-- Task --
Transcribe exactly the line that contains "(\<lambda>a. sample_ball J" and every line after it to the end of the entries, and nothing more.

-- Data to examine --
lemma disjoint_family_on_sample_ball:
  assumes "pairwise (\<lambda>a b. \<exists>j<m. \<delta> \<le> \<bar>\<Sum>k\<in>J. (a k - b k) * e k j\<bar>) P"
  shows "disjoint_family_on (\<lambda>a. sample_ball J m e a (\<delta> / 2)) P"
  unfolding disjoint_family_on_def
proof (intro ballI impI, rule ccontr)
  fix a b assume ab: "a \<in> P" "b \<in> P" "a \<noteq> b"
    and "sample_ball J m e a (\<delta> / 2) \<inter> sample_ball J m e b (\<delta> / 2) \<noteq> {}"
  moreover obtain j where j: "j < m" "\<delta> \<le> \<bar>\<Sum>k\<in>J. (a k - b k) * e k j\<bar>"
    using assms ab by (auto simp: pairwise_def)
  ultimately obtain c where "\<bar>\<Sum>k\<in>J. (c k - a k) * e k j\<bar> < \<delta> / 2" "\<bar>\<Sum>k\<in>J. (c k - b k) * e k j\<bar> < \<delta> / 2"
    by (auto simp: sample_ball_def)
  moreover have "(\<Sum>k\<in>J. (a k - b k) * e k j) = (\<Sum>k\<in>J. (c k - b k) * e k j) - (\<Sum>k\<in>J. (c k - a k) * e k j)"
    by (simp add: algebra_simps flip: sum_subtractf)
  ultimately show False
    using j(2) by linarith
qed

lemma sample_ball_subset:
  assumes "c \<in> sample_ball J m e a r" "\<And>j. j < m \<Longrightarrow> \<bar>\<Sum>k\<in>J. a k * e k j\<bar> \<le> H"
  shows "c \<in> sample_ball J m e (\<lambda>_. 0) (H + r)"
proof -
  have "\<bar>\<Sum>k\<in>J. (c k - 0) * e k j\<bar> < H + r" if "j < m" for j
  proof -
    have "\<bar>\<Sum>k\<in>J. (c k - 0) * e k j\<bar> = \<bar>(\<Sum>k\<in>J. (c k - a k) * e k j) + (\<Sum>k\<in>J. a k * e k j)\<bar>"
      by (simp add: algebra_simps flip: sum.distrib)
    also have "\<dots> \<le> \<bar>\<Sum>k\<in>J. (c k - a k) * e k j\<bar> + \<bar>\<Sum>k\<in>J. a k * e k j\<bar>"
      by (rule abs_triangle_ineq)
    also have "\<dots> < r + H"
      using assms that by (intro add_less_le_mono) (auto simp: sample_ball_def)
    finally show ?thesis
      by simp
  qed
  thus ?thesis
    using assms(1) by (auto simp: sample_ball_def)
qed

-- Your response --
  shows "disjoint_family_on (\<lambda>a. sample_ball J m e a (\<delta> / 2)) P"
  unfolding disjoint_family_on_def
proof (intro ballI impI, rule ccontr)
  fix a b assume ab: "a \<in> P" "b \<in> P" "a \<noteq> b"
    and "sample_ball J m e a (\<delta> / 2) \<inter> sample_ball J m e b (\<delta> / 2) \<noteq> {}"
  moreover obtain j where j: "j < m" "\<delta> \<le> \<bar>\<Sum>k\<in>J. (a k - b k) * e k j\<bar>"
    using assms ab by (auto simp: pairwise_def)
  ultimately obtain c where "\<bar>\<Sum>k\<in>J. (c k - a k) * e k j\<bar> < \<delta> / 2" "\<bar>\<Sum>k\<in>J. (c k - b k) * e k j\<bar> < \<delta> / 2"
    by (auto simp: sample_ball_def)
  moreover have "(\<Sum>k\<in>J. (a k - b k) * e k j) = (\<Sum>k\<in>J. (c k - b k) * e k j) - (\<Sum>k\<in>J. (c k - a k) * e k j)"
    by (simp add: algebra_simps flip: sum_subtractf)
  ultimately show False
    using j(2) by linarith
qed

lemma sample_ball_subset:
  assumes "c \<in> sample_ball J m e a r" "\<And>j. j < m \<Longrightarrow> \<bar>\<Sum>k\<in>J. a k * e k j\<bar> \<le> H"
  shows "c \<in> sample_ball J m e (\<lambda>_. 0) (H + r)"
proof -
  have "\<bar>\<Sum>k\<in>J. (c k - 0) * e k j\<bar> < H + r" if "j < m" for j
  proof -
    have "\<bar>\<Sum>k\<in>J. (c k - 0) * e k j\<bar> = \<bar>(\<Sum>k\<in>J. (c k - a k) * e k j) + (\<Sum>k\<in>J. a k * e k j)\<bar>"
      by (simp add: algebra_simps flip: sum.distrib)
    also have "\<dots> \<le> \<bar>\<Sum>k\<in>J. (c k - a k) * e k j\<bar> + \<bar>\<Sum>k\<in>J. a k * e k j\<bar>"
      by (rule abs_triangle_ineq)
    also have "\<dots> < r + H"
      using assms that by (intro add_less_le_mono) (auto simp: sample_ball_def)
    finally show ?thesis
      by simp
  qed
  thus ?thesis
    using assms(1) by (auto simp: sample_ball_def)
qed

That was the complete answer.